HOUK (on camera): Many local charities are now hoping for a greater awareness among Americans for their own local charities because of the proof that their help does make a difference.

This has been Marissa Houk, CNN Student Bureau, Columbus, Ohio.

(END VIDEOTAPE)

ON-SCREEN: "Where in the World."

Independence Day: August 19, (1919).

Economy is highly dependent on farming and raising livestock.
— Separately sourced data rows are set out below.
lemma Gamma_V_near_K:
  assumes "v \<in> Gamma_V K n"
  obtains c where "c \<in> K" "dist v c \<le> 2 / 2 ^ n"
proof -
  obtain i j :: int where v: "v = (of_int i / 2 ^ n, of_int j / 2 ^ n)" and
    "({of_int i / 2 ^ n ..< (of_int i + 1) / 2 ^ n} \<times> {of_int j / 2 ^ n ..< (of_int j + 1) / 2 ^ n}) \<inter> K \<noteq> {}"
    using assms unfolding Gamma_V_def by blast
  then obtain x y where xy: "(x, y) \<in> K"
    "of_int i / 2 ^ n \<le> x" "x < (of_int i + 1) / 2 ^ n" "of_int j / 2 ^ n \<le> y" "y < (of_int j + 1) / 2 ^ n"
    by auto
  have "dist v (x, y) \<le> dist (of_int i / 2 ^ n) x + dist (of_int j / 2 ^ n) y"
    unfolding v dist_norm by (metis norm_Pair_le diff_Pair)
  also have "\<dots> \<le> 2 / 2 ^ n"
    using xy(2-5) by (simp add: dist_real_def add_divide_distrib)
  finally show ?thesis using xy(1) that by blast
qed

lemma divide_power2_strict_mono_tendsto_zero:
  "strict_mono L \<Longrightarrow> (\<lambda>m. c / 2 ^ L m :: real) \<longlonglongrightarrow> 0"
  using LIMSEQ_subseq_LIMSEQ[OF LIMSEQ_divide_realpow_zero] by (simp add: o_def)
Widespread landmines. Can you name this country?

Afghanistan.

WALCOTT: Well before we leave you today, the latest thing that could soon be keeping folks entertained in Afghanistan. It's a couple of lions, which will be donated by a wildlife park in China to a zoo in Kabul. The lions will replace Marjan. You may remember the story of the long suffering big cat who died earlier this year since we had two reports on the Afghan zoo and its king of beasts. Now replacements from China, a land where animal donations have long held symbolic political importance.

And here's something that holds symbolic importance for us, our Web site. Log on to CNNstudentnews.com for all the latest from our show, including a profile of Sylvia Earle. She's a leading advocate for the world's ocean.

And that wraps up today's show. We'll see you back here tomorrow. Bye-bye.